- **Records drawn from a dataset**
= = = = =
(* Let $\mathcal X$ be a set, let $\kappa:\mathcal X\to\mathbb N\cup\{\infty\}$ and $A_\theta:\mathcal X\to[0,1]$ be maps, and let $\oplus:\mathcal X\times\mathcal X\to\mathcal X$ be a binary operation. For $x_1,\dots,x_m\in\mathcal X$ with $m\ge 3$, write $x_1\oplus\cdots\oplus x_m$ for the right-associated composition $x_1\oplus(x_2\oplus(\cdots\oplus x_m))$. Suppose we are given a notion of independence for pairs $x,y\in\mathcal X$ and of joint independence for finite families in $\mathcal X$. Define \[ \mathcal X_{\mathrm{fin}}:=\{x\in\mathcal X:\kappa(x)<\infty\},\qquad K:=\kappa(\mathcal X_{\mathrm{fin}})\subseteq\mathbb N. \] Assume the following, on $\mathcal X_{\mathrm{fin}}$: (A1) (Accuracy–complexity monotonicity) For all $x,y\in\mathcal X_{\mathrm{fin}}$, if $\kappa(x)\le\kappa(y)$ then $A_\theta(x)\ge A_\theta(y)$. (A2) (Compositionality) For all independent $x,y\in\mathcal X_{\mathrm{fin}}$, \[ \kappa(x\oplus y)=\kappa(x)+\kappa(y),\qquad A_\theta(x\oplus y)=A_\theta(x)\cdot A_\theta(y). \] (A3) For every $u\in K$ and every $m\in\mathbb N$ ($m\ge1$), there exist $x_1,\dots,x_m\in\mathcal X_{\mathrm{fin}}$ with $\kappa(x_i)=u$ for all $i$ and $\{x_1,\dots,x_m\}$ jointly independent; consequently $x_1\oplus\cdots\oplus x_m$ is valid and \[ \kappa(x_1\oplus\cdots\oplus x_m)=mu\in K,\qquad A_\theta(x_1\oplus\cdots\oplus x_m)=\prod_{i=1}^m A_\theta(x_i). \] Then there exists $\lambda_\theta\ge 0$ such that for all $x\in\mathcal X_{\mathrm{fin}}$ with $0<A_\theta(x)\le 1$, \[ A_\theta(x)=\exp\!\big(-\lambda_\theta\,\kappa(x)\big). \]
   Context: Interpretation (not needed for the statement): $\mathcal X$ is a space of questions, $\kappa(x)$ is the complexity of question $x$ (minimal number of primitive solution steps), $A_\theta(x)\in[0,1]$ is the probability that model $\theta$ answers $x$ correctly, and $x\oplus y$ is the composite question formed by concatenating $x$ and $y$ with a connector prompt. Independence of $x,y$ is the abstract relation under which (A2) applies; joint independence of a finite family is the abstract property used in (A3), whose stated consequence (validity of the composition, additivity of $\kappa$ and multiplicativity of $A_\theta$ over the right-associated composition) is part of the assumption. *)

theory Defs
  imports Complex_Main "HOL-Library.Extended_Nat"
begin

fun rcomp :: "('x \<Rightarrow> 'x \<Rightarrow> 'x) \<Rightarrow> 'x list \<Rightarrow> 'x" where
  "rcomp f [] = undefined"
| "rcomp f [x] = x"
| "rcomp f (x # y # xs) = f x (rcomp f (y # xs))"

definition Xfin :: "('x \<Rightarrow> enat) \<Rightarrow> 'x set" where
  "Xfin \<kappa> = {x. \<kappa> x < \<infinity>}"

definition Kset :: "('x \<Rightarrow> enat) \<Rightarrow> nat set" where
  "Kset \<kappa> = {n. \<exists>x \<in> Xfin \<kappa>. \<kappa> x = enat n}"

end

theory Submission
  imports Defs
begin

(* By (A1) the accuracy of a finite-complexity question depends only on its complexity,
   A x = a (kappa x), and by (A3) a (m * u) = a u ^ m. Hence g = ln a satisfies
   g (m * u) = m * g u, and comparing g (u * v) = v * g u = u * g v shows that g u / u is
   a constant -lambda. *)

lemma linear_if_homogeneous:
  fixes g :: "nat \<Rightarrow> real"
  assumes hom: "\<And>u m. u \<in> P \<Longrightarrow> m \<ge> 1 \<Longrightarrow> m * u \<in> P \<and> g (m * u) = real m * g u"
  shows "\<exists>c. \<forall>u \<in> P. g u = c * real u"
proof -
  have g0: "g 0 = 0" if "0 \<in> P"
    using hom[OF that, of 2] by simp
  show ?thesis
  proof (cases "\<exists>u0 \<in> P. u0 > 0")
    case True
    then obtain u0 where u0: "u0 \<in> P" "u0 > 0" by blast
    have "g u = g u0 / real u0 * real u" if u: "u \<in> P" for u
    proof (cases "u = 0")
      case True
      then show ?thesis using g0 u by simp
    next
      case False
      have "real u0 * g u = g (u0 * u)" using hom[OF u, of u0] u0(2) by simp
      also have "\<dots> = real u * g u0" using hom[OF u0(1), of u] False by (simp add: mult.commute)
      finally show ?thesis using u0(2) by (simp add: field_simps)
    qed
    then show ?thesis by blast
  next
    case False
    then show ?thesis using g0 by (intro exI[of _ 0]) auto
  qed
qed

lemma exp_if_power_homogeneous:
  fixes a :: "nat \<Rightarrow> real"
  assumes range: "\<And>u. u \<in> P \<Longrightarrow> 0 < a u \<and> a u \<le> 1"
    and hom: "\<And>u m. u \<in> P \<Longrightarrow> m \<ge> 1 \<Longrightarrow> m * u \<in> P \<and> a (m * u) = a u ^ m"
  shows "\<exists>lam \<ge> 0. \<forall>u \<in> P. a u = exp (- lam * real u)"
proof -
  have "\<exists>c. \<forall>u \<in> P. ln (a u) = c * real u"
    by (rule linear_if_homogeneous) (use hom range in \<open>simp add: ln_realpow\<close>)
  then obtain c where c: "\<And>u. u \<in> P \<Longrightarrow> ln (a u) = c * real u" by blast
  \<comment> \<open>c \<le> 0 unless P \<subseteq> {0}, so max 0 (-c) works in either case\<close>
  have "ln (a u) = - max 0 (- c) * real u" if u: "u \<in> P" for u
  proof -
    have "c * real u \<le> 0" using c[OF u] range[OF u] by (metis ln_le_zero_iff)
    then show ?thesis using c[OF u] by (cases "u = 0") (auto simp: mult_le_0_iff)
  qed
  then have "\<forall>u \<in> P. a u = exp (- max 0 (- c) * real u)"
    using range by (metis exp_ln)
  then show ?thesis by (intro exI[of _ "max 0 (- c)"]) simp
qed

lemma accuracy_factors_through_complexity:
  fixes \<kappa> :: "'x \<Rightarrow> enat" and A :: "'x \<Rightarrow> real"
  assumes antitone: "\<And>x y. x \<in> Xfin \<kappa> \<Longrightarrow> y \<in> Xfin \<kappa> \<Longrightarrow> \<kappa> x \<le> \<kappa> y \<Longrightarrow> A x \<ge> A y"
  shows "\<exists>a. \<forall>x \<in> Xfin \<kappa>. A x = a (the_enat (\<kappa> x))"
proof -
  define a where "a u = A (SOME x. x \<in> Xfin \<kappa> \<and> \<kappa> x = enat u)" for u
  have "A x = a (the_enat (\<kappa> x))" if x: "x \<in> Xfin \<kappa>" for x
  proof -
    let ?y = "SOME y. y \<in> Xfin \<kappa> \<and> \<kappa> y = \<kappa> x"
    have "\<kappa> x = enat (the_enat (\<kappa> x))" using x by (auto simp: Xfin_def)
    moreover have "?y \<in> Xfin \<kappa> \<and> \<kappa> ?y = \<kappa> x" by (rule someI[of _ x]) (use x in simp)
    ultimately show ?thesis using antitone[OF x, of ?y] antitone[of ?y x] x by (simp add: a_def)
  qed
  then show ?thesis by blast
qed

lemma power_of_repeated_composition:
  fixes \<kappa> :: "'x \<Rightarrow> enat" and A :: "'x \<Rightarrow> real" and a :: "nat \<Rightarrow> real"
  assumes a: "\<And>x. x \<in> Xfin \<kappa> \<Longrightarrow> A x = a (the_enat (\<kappa> x))"
    and xs: "length xs = m" "set xs \<subseteq> Xfin \<kappa>" "\<forall>x \<in> set xs. \<kappa> x = enat u"
      "\<kappa> (rcomp oplus xs) = enat (m * u)" "A (rcomp oplus xs) = (\<Prod>i<m. A (xs ! i))"
  shows "a (m * u) = a u ^ m"
proof -
  have "A (xs ! i) = a u" if "i < m" for i
  proof -
    have "xs ! i \<in> set xs" using that xs(1) by simp
    then show ?thesis using xs(2,3) a[of "xs ! i"] by auto
  qed
  then have "A (rcomp oplus xs) = a u ^ m" using xs(5) by simp
  moreover have "rcomp oplus xs \<in> Xfin \<kappa>" using xs(4) by (simp add: Xfin_def)
  ultimately show ?thesis using a xs(4) by simp
qed

theorem proposition2:
  fixes \<kappa> :: "'x \<Rightarrow> enat"
    and A :: "'x \<Rightarrow> real"
    and oplus :: "'x \<Rightarrow> 'x \<Rightarrow> 'x"
    and indep :: "'x \<Rightarrow> 'x \<Rightarrow> bool"
    and jindep :: "'x list \<Rightarrow> bool"
  assumes A_range: "\<And>x. 0 \<le> A x \<and> A x \<le> 1"
    and A1: "\<And>x y. x \<in> Xfin \<kappa> \<Longrightarrow> y \<in> Xfin \<kappa> \<Longrightarrow> \<kappa> x \<le> \<kappa> y \<Longrightarrow> A x \<ge> A y"
    and A2: "\<And>x y. x \<in> Xfin \<kappa> \<Longrightarrow> y \<in> Xfin \<kappa> \<Longrightarrow> indep x y \<Longrightarrow>
               \<kappa> (oplus x y) = \<kappa> x + \<kappa> y \<and> A (oplus x y) = A x * A y"
    and A3: "\<And>u m. u \<in> Kset \<kappa> \<Longrightarrow> m \<ge> 1 \<Longrightarrow>
               \<exists>xs. length xs = m \<and> set xs \<subseteq> Xfin \<kappa> \<and> (\<forall>x \<in> set xs. \<kappa> x = enat u)
                  \<and> jindep xs
                  \<and> \<kappa> (rcomp oplus xs) = enat (m * u) \<and> m * u \<in> Kset \<kappa>
                  \<and> A (rcomp oplus xs) = (\<Prod>i<m. A (xs ! i))"
  shows "\<exists>lam::real. lam \<ge> 0 \<and>
           (\<forall>x \<in> Xfin \<kappa>. 0 < A x \<and> A x \<le> 1 \<longrightarrow> A x = exp (- lam * real (the_enat (\<kappa> x))))"
proof -
  obtain a where a: "\<And>x. x \<in> Xfin \<kappa> \<Longrightarrow> A x = a (the_enat (\<kappa> x))"
    using accuracy_factors_through_complexity[of \<kappa> A, OF A1] by blast
  have range: "0 < a u \<and> a u \<le> 1" if u: "u \<in> Kset \<kappa>" and pos: "0 < a u" for u
  proof -
    obtain x where "x \<in> Xfin \<kappa>" "\<kappa> x = enat u" using u by (auto simp: Kset_def)
    then show ?thesis using pos A_range[of x] a[of x] by simp
  qed
  have power: "m * u \<in> Kset \<kappa> \<and> a (m * u) = a u ^ m"
    if u: "u \<in> Kset \<kappa>" and m: "m \<ge> 1" for u m
  proof -
    obtain xs where xs: "length xs = m" "set xs \<subseteq> Xfin \<kappa>" "\<forall>x \<in> set xs. \<kappa> x = enat u"
      "\<kappa> (rcomp oplus xs) = enat (m * u)" "m * u \<in> Kset \<kappa>"
      "A (rcomp oplus xs) = (\<Prod>i<m. A (xs ! i))"
      using A3[OF u m] by blast
    have "a (m * u) = a u ^ m"
      using a xs(1-4,6) by (rule power_of_repeated_composition)
    then show ?thesis using xs(5) by simp
  qed
  obtain lam where "lam \<ge> 0"
    and lam: "\<And>u. u \<in> {u \<in> Kset \<kappa>. 0 < a u} \<Longrightarrow> a u = exp (- lam * real u)"
    using exp_if_power_homogeneous[of "{u \<in> Kset \<kappa>. 0 < a u}" a] range power by auto
  have "A x = exp (- lam * real (the_enat (\<kappa> x)))" if x: "x \<in> Xfin \<kappa>" "0 < A x" for x
  proof -
    have "the_enat (\<kappa> x) \<in> Kset \<kappa>" using x(1) by (auto simp: Kset_def Xfin_def)
    then show ?thesis using lam a[OF x(1)] x(2) by simp
  qed
  then show ?thesis using \<open>lam \<ge> 0\<close> by blast
qed

end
= = = = =
- **Your objective**
Quote the data above from the line containing "P \<Longrightarrow> 0" to the line containing "by (metis ln_le_zero_iff)", inclusive, and stop.

- **Reply to the exercise**
  assumes range: "\<And>u. u \<in> P \<Longrightarrow> 0 < a u \<and> a u \<le> 1"
    and hom: "\<And>u m. u \<in> P \<Longrightarrow> m \<ge> 1 \<Longrightarrow> m * u \<in> P \<and> a (m * u) = a u ^ m"
  shows "\<exists>lam \<ge> 0. \<forall>u \<in> P. a u = exp (- lam * real u)"
proof -
  have "\<exists>c. \<forall>u \<in> P. ln (a u) = c * real u"
    by (rule linear_if_homogeneous) (use hom range in \<open>simp add: ln_realpow\<close>)
  then obtain c where c: "\<And>u. u \<in> P \<Longrightarrow> ln (a u) = c * real u" by blast
  \<comment> \<open>c \<le> 0 unless P \<subseteq> {0}, so max 0 (-c) works in either case\<close>
  have "ln (a u) = - max 0 (- c) * real u" if u: "u \<in> P" for u
  proof -
    have "c * real u \<le> 0" using c[OF u] range[OF u] by (metis ln_le_zero_iff)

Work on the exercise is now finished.